Work required
Output only the lines below that start at the line containing "M (\<lambda>\<omega>. \<omega>" and end at the line containing "(\<lambda>u. u\<^sup>2) u", with both ends kept.

○ ○ ○ ○ ○

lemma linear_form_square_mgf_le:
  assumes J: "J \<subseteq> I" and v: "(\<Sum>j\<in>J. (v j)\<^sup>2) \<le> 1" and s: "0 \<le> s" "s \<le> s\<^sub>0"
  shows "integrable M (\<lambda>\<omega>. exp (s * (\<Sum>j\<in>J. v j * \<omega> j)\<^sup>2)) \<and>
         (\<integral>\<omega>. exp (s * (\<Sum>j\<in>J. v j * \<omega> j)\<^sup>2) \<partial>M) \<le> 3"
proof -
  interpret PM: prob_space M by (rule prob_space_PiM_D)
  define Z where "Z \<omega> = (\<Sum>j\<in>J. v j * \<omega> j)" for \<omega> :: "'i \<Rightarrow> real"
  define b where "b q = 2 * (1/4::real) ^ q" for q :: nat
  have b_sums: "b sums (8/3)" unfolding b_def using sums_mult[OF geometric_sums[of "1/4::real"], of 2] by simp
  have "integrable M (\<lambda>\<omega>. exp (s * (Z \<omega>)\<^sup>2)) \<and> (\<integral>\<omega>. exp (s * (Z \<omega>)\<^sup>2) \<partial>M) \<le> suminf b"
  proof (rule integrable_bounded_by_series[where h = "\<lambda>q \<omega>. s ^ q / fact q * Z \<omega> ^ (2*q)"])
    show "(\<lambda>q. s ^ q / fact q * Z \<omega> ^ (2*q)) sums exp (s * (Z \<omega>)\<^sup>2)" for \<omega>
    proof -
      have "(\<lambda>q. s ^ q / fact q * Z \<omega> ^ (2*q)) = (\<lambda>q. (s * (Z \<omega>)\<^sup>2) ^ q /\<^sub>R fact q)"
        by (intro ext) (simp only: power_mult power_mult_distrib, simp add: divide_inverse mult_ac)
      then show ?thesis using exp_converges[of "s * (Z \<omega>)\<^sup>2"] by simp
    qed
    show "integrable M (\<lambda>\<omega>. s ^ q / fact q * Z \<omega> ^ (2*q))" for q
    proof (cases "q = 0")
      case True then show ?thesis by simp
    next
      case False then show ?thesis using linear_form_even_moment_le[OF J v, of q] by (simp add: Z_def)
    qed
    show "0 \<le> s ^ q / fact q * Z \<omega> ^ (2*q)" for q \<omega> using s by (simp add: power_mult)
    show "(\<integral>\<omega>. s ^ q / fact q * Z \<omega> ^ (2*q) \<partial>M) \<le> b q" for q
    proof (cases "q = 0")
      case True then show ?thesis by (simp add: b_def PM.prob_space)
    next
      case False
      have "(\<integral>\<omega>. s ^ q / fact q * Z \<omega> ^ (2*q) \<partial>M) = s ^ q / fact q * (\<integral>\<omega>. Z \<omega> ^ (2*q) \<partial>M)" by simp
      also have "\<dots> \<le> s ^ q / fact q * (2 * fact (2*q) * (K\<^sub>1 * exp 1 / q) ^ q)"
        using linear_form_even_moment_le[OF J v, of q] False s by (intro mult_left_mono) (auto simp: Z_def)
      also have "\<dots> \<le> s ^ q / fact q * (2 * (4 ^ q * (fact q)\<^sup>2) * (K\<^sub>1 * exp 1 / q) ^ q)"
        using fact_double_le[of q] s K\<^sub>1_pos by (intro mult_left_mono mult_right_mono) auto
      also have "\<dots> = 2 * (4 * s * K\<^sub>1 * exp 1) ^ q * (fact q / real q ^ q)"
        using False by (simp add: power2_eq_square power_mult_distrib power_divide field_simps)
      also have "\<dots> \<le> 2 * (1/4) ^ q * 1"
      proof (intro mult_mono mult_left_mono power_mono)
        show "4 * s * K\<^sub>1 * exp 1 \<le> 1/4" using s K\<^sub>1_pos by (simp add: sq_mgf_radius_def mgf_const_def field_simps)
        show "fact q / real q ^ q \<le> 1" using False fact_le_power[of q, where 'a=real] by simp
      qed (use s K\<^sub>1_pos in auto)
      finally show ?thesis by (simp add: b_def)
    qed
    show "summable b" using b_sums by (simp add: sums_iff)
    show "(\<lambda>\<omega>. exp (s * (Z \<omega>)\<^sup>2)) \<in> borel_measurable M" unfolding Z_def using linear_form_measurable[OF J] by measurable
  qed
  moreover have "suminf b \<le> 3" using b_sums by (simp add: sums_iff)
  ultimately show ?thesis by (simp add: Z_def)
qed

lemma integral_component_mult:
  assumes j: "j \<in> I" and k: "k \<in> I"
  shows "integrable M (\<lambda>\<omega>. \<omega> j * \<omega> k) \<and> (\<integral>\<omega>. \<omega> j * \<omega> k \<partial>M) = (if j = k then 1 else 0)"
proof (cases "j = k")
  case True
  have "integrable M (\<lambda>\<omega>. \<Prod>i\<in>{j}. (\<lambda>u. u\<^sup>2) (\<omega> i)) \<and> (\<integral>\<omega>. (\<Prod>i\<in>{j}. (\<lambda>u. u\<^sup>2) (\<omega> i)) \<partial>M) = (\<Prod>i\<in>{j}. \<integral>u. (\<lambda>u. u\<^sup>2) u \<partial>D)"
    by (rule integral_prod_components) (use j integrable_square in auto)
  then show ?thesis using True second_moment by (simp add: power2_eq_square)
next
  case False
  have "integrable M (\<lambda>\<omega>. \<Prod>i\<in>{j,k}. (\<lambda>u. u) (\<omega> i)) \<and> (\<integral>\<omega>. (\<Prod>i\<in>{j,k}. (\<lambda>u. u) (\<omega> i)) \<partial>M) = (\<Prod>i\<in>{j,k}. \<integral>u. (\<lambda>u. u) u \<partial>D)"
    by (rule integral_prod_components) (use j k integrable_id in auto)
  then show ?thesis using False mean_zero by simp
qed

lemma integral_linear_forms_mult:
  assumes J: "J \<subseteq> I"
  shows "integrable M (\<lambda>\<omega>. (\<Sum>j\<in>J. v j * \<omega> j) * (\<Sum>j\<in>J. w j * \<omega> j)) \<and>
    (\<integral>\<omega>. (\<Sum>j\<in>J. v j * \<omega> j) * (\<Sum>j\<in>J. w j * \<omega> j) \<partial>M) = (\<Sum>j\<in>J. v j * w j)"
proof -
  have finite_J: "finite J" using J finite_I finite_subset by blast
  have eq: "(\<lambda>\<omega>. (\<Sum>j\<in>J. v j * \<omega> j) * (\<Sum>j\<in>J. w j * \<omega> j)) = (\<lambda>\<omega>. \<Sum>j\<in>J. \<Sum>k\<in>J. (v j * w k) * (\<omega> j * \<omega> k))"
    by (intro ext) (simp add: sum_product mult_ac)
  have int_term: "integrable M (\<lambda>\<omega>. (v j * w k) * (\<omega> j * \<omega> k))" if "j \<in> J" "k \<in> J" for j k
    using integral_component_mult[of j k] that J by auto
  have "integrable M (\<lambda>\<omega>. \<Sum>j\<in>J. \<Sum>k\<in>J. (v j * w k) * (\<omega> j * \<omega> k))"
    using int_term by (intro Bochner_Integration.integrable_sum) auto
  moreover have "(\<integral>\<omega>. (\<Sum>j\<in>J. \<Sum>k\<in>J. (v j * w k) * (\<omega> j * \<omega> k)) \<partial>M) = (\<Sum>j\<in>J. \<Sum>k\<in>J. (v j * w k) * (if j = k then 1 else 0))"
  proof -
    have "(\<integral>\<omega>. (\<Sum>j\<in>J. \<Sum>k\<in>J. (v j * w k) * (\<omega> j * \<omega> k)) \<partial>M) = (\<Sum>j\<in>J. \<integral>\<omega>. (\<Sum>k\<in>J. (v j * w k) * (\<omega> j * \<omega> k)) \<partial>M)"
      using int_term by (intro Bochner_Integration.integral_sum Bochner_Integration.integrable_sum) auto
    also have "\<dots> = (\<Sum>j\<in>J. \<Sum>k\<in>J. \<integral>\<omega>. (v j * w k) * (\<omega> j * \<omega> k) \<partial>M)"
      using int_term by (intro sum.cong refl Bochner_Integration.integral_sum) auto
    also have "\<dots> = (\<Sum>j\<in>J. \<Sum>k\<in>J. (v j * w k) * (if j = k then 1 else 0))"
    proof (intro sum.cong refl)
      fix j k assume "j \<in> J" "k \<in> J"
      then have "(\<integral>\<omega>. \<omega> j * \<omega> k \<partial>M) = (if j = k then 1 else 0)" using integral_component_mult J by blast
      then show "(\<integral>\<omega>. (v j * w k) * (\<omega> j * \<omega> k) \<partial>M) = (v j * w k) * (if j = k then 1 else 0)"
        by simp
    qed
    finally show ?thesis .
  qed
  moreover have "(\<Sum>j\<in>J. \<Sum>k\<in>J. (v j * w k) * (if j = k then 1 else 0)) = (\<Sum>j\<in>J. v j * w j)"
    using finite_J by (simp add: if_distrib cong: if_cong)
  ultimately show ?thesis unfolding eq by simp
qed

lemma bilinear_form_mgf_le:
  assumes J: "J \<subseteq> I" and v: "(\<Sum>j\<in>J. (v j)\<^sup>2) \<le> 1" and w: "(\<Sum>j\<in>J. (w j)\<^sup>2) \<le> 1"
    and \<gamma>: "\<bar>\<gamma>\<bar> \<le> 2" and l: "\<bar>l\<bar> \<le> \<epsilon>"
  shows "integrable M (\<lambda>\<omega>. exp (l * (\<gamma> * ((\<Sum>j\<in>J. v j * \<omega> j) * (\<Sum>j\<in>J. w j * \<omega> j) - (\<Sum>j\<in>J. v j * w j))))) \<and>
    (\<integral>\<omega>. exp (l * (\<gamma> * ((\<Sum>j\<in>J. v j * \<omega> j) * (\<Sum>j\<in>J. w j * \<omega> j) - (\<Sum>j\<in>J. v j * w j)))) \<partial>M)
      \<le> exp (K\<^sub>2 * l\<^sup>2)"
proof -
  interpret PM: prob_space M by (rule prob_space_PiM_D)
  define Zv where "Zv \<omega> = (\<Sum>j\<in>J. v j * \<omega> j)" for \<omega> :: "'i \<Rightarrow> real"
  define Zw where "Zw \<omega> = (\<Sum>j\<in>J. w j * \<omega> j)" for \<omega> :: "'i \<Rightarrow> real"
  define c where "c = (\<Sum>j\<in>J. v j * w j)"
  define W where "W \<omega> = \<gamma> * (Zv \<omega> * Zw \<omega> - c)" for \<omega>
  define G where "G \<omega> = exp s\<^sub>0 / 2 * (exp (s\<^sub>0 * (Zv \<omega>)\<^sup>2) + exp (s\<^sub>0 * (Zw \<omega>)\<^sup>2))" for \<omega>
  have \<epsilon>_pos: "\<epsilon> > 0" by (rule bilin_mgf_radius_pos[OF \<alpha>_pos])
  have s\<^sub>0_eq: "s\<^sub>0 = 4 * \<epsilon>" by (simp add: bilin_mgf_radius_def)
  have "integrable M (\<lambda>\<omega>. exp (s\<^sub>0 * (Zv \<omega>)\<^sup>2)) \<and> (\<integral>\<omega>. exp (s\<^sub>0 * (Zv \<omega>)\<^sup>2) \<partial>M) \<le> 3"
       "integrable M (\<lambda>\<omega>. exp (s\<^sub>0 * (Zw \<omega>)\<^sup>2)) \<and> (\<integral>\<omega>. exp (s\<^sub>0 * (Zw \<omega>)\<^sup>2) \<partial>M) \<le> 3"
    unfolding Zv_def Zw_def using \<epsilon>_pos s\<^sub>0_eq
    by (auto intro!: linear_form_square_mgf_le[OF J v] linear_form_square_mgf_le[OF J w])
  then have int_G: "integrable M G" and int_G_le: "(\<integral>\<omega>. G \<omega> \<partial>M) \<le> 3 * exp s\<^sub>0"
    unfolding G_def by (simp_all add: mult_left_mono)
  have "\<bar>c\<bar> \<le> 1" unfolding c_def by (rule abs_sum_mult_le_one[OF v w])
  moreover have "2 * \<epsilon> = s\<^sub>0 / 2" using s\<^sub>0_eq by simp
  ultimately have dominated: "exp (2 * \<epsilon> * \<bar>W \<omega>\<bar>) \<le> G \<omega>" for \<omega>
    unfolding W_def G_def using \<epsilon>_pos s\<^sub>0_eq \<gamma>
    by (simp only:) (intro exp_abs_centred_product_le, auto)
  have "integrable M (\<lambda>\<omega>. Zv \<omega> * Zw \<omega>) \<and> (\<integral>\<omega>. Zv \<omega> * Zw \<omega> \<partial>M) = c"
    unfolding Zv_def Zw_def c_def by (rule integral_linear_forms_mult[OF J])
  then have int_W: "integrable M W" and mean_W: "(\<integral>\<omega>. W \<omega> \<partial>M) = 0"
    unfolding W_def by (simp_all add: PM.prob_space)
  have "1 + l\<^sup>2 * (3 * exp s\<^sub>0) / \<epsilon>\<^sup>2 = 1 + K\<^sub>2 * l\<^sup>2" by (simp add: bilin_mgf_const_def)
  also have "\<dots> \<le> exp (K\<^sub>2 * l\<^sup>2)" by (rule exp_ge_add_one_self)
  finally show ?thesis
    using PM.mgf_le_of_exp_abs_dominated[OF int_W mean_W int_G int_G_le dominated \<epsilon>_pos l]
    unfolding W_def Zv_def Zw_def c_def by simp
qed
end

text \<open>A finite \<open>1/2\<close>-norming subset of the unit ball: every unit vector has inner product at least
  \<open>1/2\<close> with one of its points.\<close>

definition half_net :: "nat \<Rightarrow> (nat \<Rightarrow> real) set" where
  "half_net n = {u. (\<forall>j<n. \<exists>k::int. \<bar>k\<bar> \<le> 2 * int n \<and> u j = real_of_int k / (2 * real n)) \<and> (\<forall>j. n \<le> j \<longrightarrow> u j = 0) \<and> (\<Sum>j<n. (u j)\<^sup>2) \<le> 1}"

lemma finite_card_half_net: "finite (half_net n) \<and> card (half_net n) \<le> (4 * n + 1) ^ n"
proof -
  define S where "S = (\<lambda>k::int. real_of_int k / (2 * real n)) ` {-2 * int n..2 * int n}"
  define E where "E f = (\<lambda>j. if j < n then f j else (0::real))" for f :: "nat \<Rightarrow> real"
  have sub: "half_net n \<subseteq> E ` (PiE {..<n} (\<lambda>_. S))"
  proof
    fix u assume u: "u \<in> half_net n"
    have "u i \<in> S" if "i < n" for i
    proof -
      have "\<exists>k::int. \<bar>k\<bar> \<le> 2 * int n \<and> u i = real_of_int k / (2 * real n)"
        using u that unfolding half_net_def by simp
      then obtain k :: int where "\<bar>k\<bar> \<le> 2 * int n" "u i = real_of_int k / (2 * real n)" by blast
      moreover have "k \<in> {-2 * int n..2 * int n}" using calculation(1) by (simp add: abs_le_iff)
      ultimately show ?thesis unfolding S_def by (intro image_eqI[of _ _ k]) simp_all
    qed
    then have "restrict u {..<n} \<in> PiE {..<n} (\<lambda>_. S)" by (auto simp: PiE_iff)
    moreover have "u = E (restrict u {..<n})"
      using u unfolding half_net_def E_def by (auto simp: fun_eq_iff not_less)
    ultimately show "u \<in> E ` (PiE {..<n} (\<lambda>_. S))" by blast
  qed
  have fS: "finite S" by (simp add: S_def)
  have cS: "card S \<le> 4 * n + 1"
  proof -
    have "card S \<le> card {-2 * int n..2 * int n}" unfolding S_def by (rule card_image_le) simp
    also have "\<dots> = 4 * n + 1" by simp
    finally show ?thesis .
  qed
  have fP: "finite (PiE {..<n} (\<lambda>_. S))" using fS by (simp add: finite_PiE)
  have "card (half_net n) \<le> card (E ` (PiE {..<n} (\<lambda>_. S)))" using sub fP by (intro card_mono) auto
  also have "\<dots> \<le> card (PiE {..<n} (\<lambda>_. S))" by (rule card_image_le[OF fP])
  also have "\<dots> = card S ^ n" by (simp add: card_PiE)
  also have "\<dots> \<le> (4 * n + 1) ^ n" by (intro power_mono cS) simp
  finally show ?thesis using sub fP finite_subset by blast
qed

○ ○ ○ ○ ○

Written response
  shows "integrable M (\<lambda>\<omega>. \<omega> j * \<omega> k) \<and> (\<integral>\<omega>. \<omega> j * \<omega> k \<partial>M) = (if j = k then 1 else 0)"
proof (cases "j = k")
  case True
  have "integrable M (\<lambda>\<omega>. \<Prod>i\<in>{j}. (\<lambda>u. u\<^sup>2) (\<omega> i)) \<and> (\<integral>\<omega>. (\<Prod>i\<in>{j}. (\<lambda>u. u\<^sup>2) (\<omega> i)) \<partial>M) = (\<Prod>i\<in>{j}. \<integral>u. (\<lambda>u. u\<^sup>2) u \<partial>D)"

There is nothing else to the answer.